| MATERIAL FOR THIS TASK |
(* Let $f,g\in\mathcal{H}$ and let $\alpha>0$ be real. Then the germ of $x\mapsto f(x)^{\alpha g(x)}=\exp\big(\alpha\, g(x)\ln f(x)\big)$ belongs to $\mathcal{H}$.
   Context: All functions are real-valued functions defined on some interval $(a,\infty)$. Two such functions are identified if they agree for all sufficiently large $x$; these equivalence classes are germs at $+\infty$. Write $\ln^{(k)}$ for the $k$-fold iterated natural logarithm, with $\ln^{(0)}(x)=x$. Let $\mathcal{H}$ be the smallest set of germs at $+\infty$ satisfying: (i) $\ln^{(k)}\in\mathcal{H}$ for every integer $k\ge0$; (ii) if $f\in\mathcal{H}$, then $\exp\circ f\in\mathcal{H}$, and if moreover $f$ is eventually positive, then $f^\alpha\in\mathcal{H}$ for every real $\alpha>0$; (iii) if $f,g\in\mathcal{H}$ and $f\ne g$ (as germs), then $fg\in\mathcal{H}$; (iv) if $f,g\in\mathcal{H}$ and $f(x)/g(x)\to+\infty$, then $f/g\in\mathcal{H}$. (Every element of $\mathcal{H}$ tends to $+\infty$, so $\ln f$ is eventually defined.) *)

theory Defs
  imports Complex_Main
begin

text \<open>Germs at +infinity are represented by total functions real => real;
  the set H below is closed under eventual equality (rule H_germ), so it is
  the preimage of the smallest set of germs with the stated closure
  properties.\<close>

inductive H :: "(real \<Rightarrow> real) \<Rightarrow> bool" where
  H_ln_iter: "H (\<lambda>x. (ln ^^ k) x)"
| H_exp: "H f \<Longrightarrow> H (\<lambda>x. exp (f x))"
| H_powr: "H f \<Longrightarrow> eventually (\<lambda>x. f x > 0) at_top \<Longrightarrow> (\<alpha>::real) > 0
            \<Longrightarrow> H (\<lambda>x. f x powr \<alpha>)"
| H_mult: "H f \<Longrightarrow> H g \<Longrightarrow> \<not> eventually (\<lambda>x. f x = g x) at_top
            \<Longrightarrow> H (\<lambda>x. f x * g x)"
| H_div: "H f \<Longrightarrow> H g \<Longrightarrow> filterlim (\<lambda>x. f x / g x) at_top at_top
            \<Longrightarrow> H (\<lambda>x. f x / g x)"
| H_germ: "H f \<Longrightarrow> eventually (\<lambda>x. f x = g x) at_top \<Longrightarrow> H g"

end

theory Submission
  imports Defs
begin

text \<open>
  Every germ in H tends to +infinity, hence is eventually positive.
  Call f "pow_closed" if for all g in H and all real alpha > 0
  the germ exp (alpha * g * ln f) = f powr (alpha * g) lies in H.  We show by
  induction on the generation of f in H that every f in H has this property:
  \<^item> for f = ln^(k) and f = exp o f0 the logarithm ln f is itself in H
    (namely ln^(k+1) resp. f0), and exp (alpha * u * v) is in H whenever u, v are;
  \<^item> for f0 powr beta the exponent is rescaled: alpha * g * ln (f0 powr beta)
    = (alpha * beta) * g * ln f0;
  \<^item> for products and quotients, exp (alpha * g * ln (f1 * f2)) splits into the
    product (resp. quotient) of the two powers, to which rule (iii) (resp. (iv))
    of the definition applies;
  \<^item> eventual equality of f is inherited by the power.
\<close>

lemma H_tendsto_at_top:
  assumes "H f"
  shows "filterlim f at_top at_top"
  using assms
proof (induction rule: H.induct)
  case (H_ln_iter k)
  show ?case
  proof (induction k)
    case 0
    then show ?case by (simp add: filterlim_ident)
  next
    case (Suc k)
    show ?case
      using filterlim_compose[OF ln_at_top Suc.IH] by simp
  qed
next
  case (H_exp f)
  then show ?case using filterlim_compose[OF exp_at_top] by blast
next
  case (H_powr f \<alpha>)
  have "filterlim (\<lambda>x. \<alpha> * ln (f x)) at_top at_top"
    using filterlim_tendsto_pos_mult_at_top[OF tendsto_const H_powr.hyps(3)
        filterlim_compose[OF ln_at_top H_powr.IH]] .
  then have "filterlim (\<lambda>x. exp (\<alpha> * ln (f x))) at_top at_top"
    by (rule filterlim_compose[OF exp_at_top])
  moreover have "eventually (\<lambda>x. exp (\<alpha> * ln (f x)) = f x powr \<alpha>) at_top"
    using H_powr.hyps(2) by eventually_elim (simp add: powr_def mult_ac)
  ultimately show ?case by (simp add: filterlim_cong)
next
  case (H_mult f g)
  then show ?case using filterlim_at_top_mult_at_top by blast
next
  case (H_div f g)
  then show ?case by simp
next
  case (H_germ f g)
  then show ?case using filterlim_cong by blast
qed

lemma H_eventually_pos:
  assumes "H f"
  shows "eventually (\<lambda>x. f x > 0) at_top"
  using H_tendsto_at_top[OF assms] filterlim_at_top_dense by blast

text \<open>H is closed under arbitrary products: rule (iii) covers distinct factors,
  and the square of f is the positive power f powr 2.\<close>

lemma H_times:
  assumes u: "H u" and v: "H v"
  shows "H (\<lambda>x. u x * v x)"
proof (cases "eventually (\<lambda>x. u x = v x) at_top")
  case True
  have "H (\<lambda>x. u x powr 2)"
    using H_powr[OF u H_eventually_pos[OF u]] by simp
  moreover have "eventually (\<lambda>x. u x powr 2 = u x * v x) at_top"
    using True H_eventually_pos[OF u]
    by eventually_elim (simp add: powr_numeral power2_eq_square)
  ultimately show ?thesis by (rule H_germ)
next
  case False
  then show ?thesis using H_mult[OF u v] by blast
qed

text \<open>exp (alpha * u * v) = (exp (u * v)) powr alpha lies in H for u, v in H.\<close>

lemma H_exp_scaled_times:
  assumes u: "H u" and v: "H v" and \<alpha>: "\<alpha> > 0"
  shows "H (\<lambda>x. exp (\<alpha> * u x * v x))"
proof -
  have "H (\<lambda>x. exp (u x * v x) powr \<alpha>)"
    using H_powr[OF H_exp[OF H_times[OF u v]] _ \<alpha>] by simp
  moreover have "(\<lambda>x. exp (u x * v x) powr \<alpha>) = (\<lambda>x. exp (\<alpha> * u x * v x))"
    by (simp add: powr_def mult_ac)
  ultimately show ?thesis by simp
qed

definition pow_closed :: "(real \<Rightarrow> real) \<Rightarrow> bool" where
  "pow_closed f \<longleftrightarrow>
     (\<forall>g \<alpha>. H g \<longrightarrow> \<alpha> > 0 \<longrightarrow> H (\<lambda>x. exp (\<alpha> * g x * ln (f x))))"

lemma pow_closedI:
  assumes "\<And>g \<alpha>. H g \<Longrightarrow> \<alpha> > 0 \<Longrightarrow> H (\<lambda>x. exp (\<alpha> * g x * ln (f x)))"
  shows "pow_closed f"
  using assms unfolding pow_closed_def by blast

lemma pow_closedD:
  "pow_closed f \<Longrightarrow> H g \<Longrightarrow> \<alpha> > 0 \<Longrightarrow> H (\<lambda>x. exp (\<alpha> * g x * ln (f x)))"
  unfolding pow_closed_def by blast

lemma pow_closed_if_ln_in_H:
  assumes "H (\<lambda>x. ln (f x))"
  shows "pow_closed f"
  using H_exp_scaled_times[OF _ assms] by (intro pow_closedI)

lemma pow_closed_ln_iter: "pow_closed (\<lambda>x. (ln ^^ k) x)"
  using pow_closed_if_ln_in_H[of "ln ^^ k"] H_ln_iter[of "Suc k"] by simp

lemma pow_closed_exp:
  assumes "H f"
  shows "pow_closed (\<lambda>x. exp (f x))"
  using pow_closed_if_ln_in_H assms by simp

lemma pow_closed_powr:
  assumes f: "pow_closed f" and pos: "eventually (\<lambda>x. f x > 0) at_top" and \<beta>: "\<beta> > 0"
  shows "pow_closed (\<lambda>x. f x powr \<beta>)"
proof (rule pow_closedI)
  fix g and \<alpha> :: real
  assume g: "H g" and \<alpha>: "\<alpha> > 0"
  have "H (\<lambda>x. exp ((\<alpha> * \<beta>) * g x * ln (f x)))"
    using pow_closedD[OF f g] \<alpha> \<beta> by simp
  moreover have "eventually (\<lambda>x. exp ((\<alpha> * \<beta>) * g x * ln (f x)) =
      exp (\<alpha> * g x * ln (f x powr \<beta>))) at_top"
    using pos by eventually_elim (simp add: ln_powr mult_ac)
  ultimately show "H (\<lambda>x. exp (\<alpha> * g x * ln (f x powr \<beta>)))" by (rule H_germ)
qed

text \<open>Since t \<mapsto> exp (c * ln t) is injective on t > 0 for c > 0, distinct
  germs f1, f2 give distinct powers, as required by rule (iii).\<close>

lemma powers_not_eventually_equal:
  assumes g: "H g" and \<alpha>: "\<alpha> > 0"
    and pos1: "eventually (\<lambda>x. f1 x > 0) at_top"
    and pos2: "eventually (\<lambda>x. f2 x > 0) at_top"
    and ne: "\<not> eventually (\<lambda>x. f1 x = f2 x) at_top"
  shows "\<not> eventually (\<lambda>x. exp (\<alpha> * g x * ln (f1 x)) = exp (\<alpha> * g x * ln (f2 x))) at_top"
proof
  assume "eventually (\<lambda>x. exp (\<alpha> * g x * ln (f1 x)) = exp (\<alpha> * g x * ln (f2 x))) at_top"
  with pos1 pos2 H_eventually_pos[OF g]
  have "eventually (\<lambda>x. f1 x = f2 x) at_top"
    by eventually_elim (use \<alpha> in auto)
  with ne show False by contradiction
qed

lemma pow_closed_mult:
  assumes f1: "H f1" "pow_closed f1" and f2: "H f2" "pow_closed f2"
    and ne: "\<not> eventually (\<lambda>x. f1 x = f2 x) at_top"
  shows "pow_closed (\<lambda>x. f1 x * f2 x)"
proof (rule pow_closedI)
  fix g and \<alpha> :: real
  assume g: "H g" and \<alpha>: "\<alpha> > 0"
  note pos1 = H_eventually_pos[OF f1(1)] and pos2 = H_eventually_pos[OF f2(1)]
  have "H (\<lambda>x. exp (\<alpha> * g x * ln (f1 x)) * exp (\<alpha> * g x * ln (f2 x)))"
    using H_mult[OF pow_closedD[OF f1(2) g \<alpha>] pow_closedD[OF f2(2) g \<alpha>]
        powers_not_eventually_equal[OF g \<alpha> pos1 pos2 ne]] .
  moreover have "eventually (\<lambda>x. exp (\<alpha> * g x * ln (f1 x)) * exp (\<alpha> * g x * ln (f2 x)) =
      exp (\<alpha> * g x * ln (f1 x * f2 x))) at_top"
    using pos1 pos2 by eventually_elim (simp add: ln_mult distrib_left exp_add)
  ultimately show "H (\<lambda>x. exp (\<alpha> * g x * ln (f1 x * f2 x)))" by (rule H_germ)
qed

text \<open>For the quotient, the power of f1 / f2 tends to +infinity because
  f1 / f2 does and g is eventually large, so rule (iv) applies.\<close>

lemma pow_closed_div:
  assumes f1: "H f1" "pow_closed f1" and f2: "H f2" "pow_closed f2"
    and lim: "filterlim (\<lambda>x. f1 x / f2 x) at_top at_top"
  shows "pow_closed (\<lambda>x. f1 x / f2 x)"
proof (rule pow_closedI)
  fix g and \<alpha> :: real
  assume g: "H g" and \<alpha>: "\<alpha> > 0"
  let ?P = "\<lambda>h x. exp (\<alpha> * g x * ln (h x))"
  have eq: "eventually (\<lambda>x. ?P f1 x / ?P f2 x = ?P (\<lambda>x. f1 x / f2 x) x) at_top"
    using H_eventually_pos[OF f1(1)] H_eventually_pos[OF f2(1)]
    by eventually_elim (simp add: ln_div right_diff_distrib exp_diff)
  have "filterlim (\<lambda>x. g x * ln (f1 x / f2 x)) at_top at_top"
    using filterlim_at_top_mult_at_top[OF H_tendsto_at_top[OF g]
        filterlim_compose[OF ln_at_top lim]] .
  then have "filterlim (\<lambda>x. exp (\<alpha> * (g x * ln (f1 x / f2 x)))) at_top at_top"
    using filterlim_compose[OF exp_at_top filterlim_tendsto_pos_mult_at_top[OF tendsto_const \<alpha>]]
    by blast
  then have "filterlim (\<lambda>x. ?P f1 x / ?P f2 x) at_top at_top"
    using filterlim_cong[OF refl refl eq] by (simp add: mult_ac)
  then have "H (\<lambda>x. ?P f1 x / ?P f2 x)"
    by (rule H_div[OF pow_closedD[OF f1(2) g \<alpha>] pow_closedD[OF f2(2) g \<alpha>]])
  then show "H (?P (\<lambda>x. f1 x / f2 x))" using eq by (rule H_germ)
qed

lemma pow_closed_germ:
  assumes f: "pow_closed f" and eq: "eventually (\<lambda>x. f x = f' x) at_top"
  shows "pow_closed f'"
proof (rule pow_closedI)
  fix g and \<alpha> :: real
  assume "H g" "\<alpha> > 0"
  then have "H (\<lambda>x. exp (\<alpha> * g x * ln (f x)))" by (rule pow_closedD[OF f])
  moreover have "eventually (\<lambda>x. exp (\<alpha> * g x * ln (f x)) = exp (\<alpha> * g x * ln (f' x))) at_top"
    using eq by eventually_elim simp
  ultimately show "H (\<lambda>x. exp (\<alpha> * g x * ln (f' x)))" by (rule H_germ)
qed

lemma H_pow_closed:
  assumes "H f"
  shows "pow_closed f"
  using assms
proof (induction rule: H.induct)
  case (H_ln_iter k)
  show ?case by (rule pow_closed_ln_iter)
next
  case (H_exp f)
  show ?case by (rule pow_closed_exp[OF H_exp.hyps])
next
  case (H_powr f \<beta>)
  show ?case by (rule pow_closed_powr[OF H_powr.IH H_powr.hyps(2,3)])
next
  case (H_mult f1 f2)
  show ?case
    by (rule pow_closed_mult[OF H_mult.hyps(1) H_mult.IH(1) H_mult.hyps(2) H_mult.IH(2)
          H_mult.hyps(3)])
next
  case (H_div f1 f2)
  show ?case
    by (rule pow_closed_div[OF H_div.hyps(1) H_div.IH(1) H_div.hyps(2) H_div.IH(2)
          H_div.hyps(3)])
next
  case (H_germ f f')
  show ?case by (rule pow_closed_germ[OF H_germ.IH H_germ.hyps(2)])
qed

theorem mainTheorem5:
  fixes f g :: "real \<Rightarrow> real" and \<alpha> :: real
  assumes "H f" and "H g" and "\<alpha> > 0"
  shows "H (\<lambda>x. exp (\<alpha> * g x * ln (f x)))"
  using pow_closedD[OF H_pow_closed[OF assms(1)] assms(2,3)] .

end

| EXERCISE |
Only the number is needed. Say how many lines of the entries contain "thesis".

| REPLY TO THE EXERCISE |
3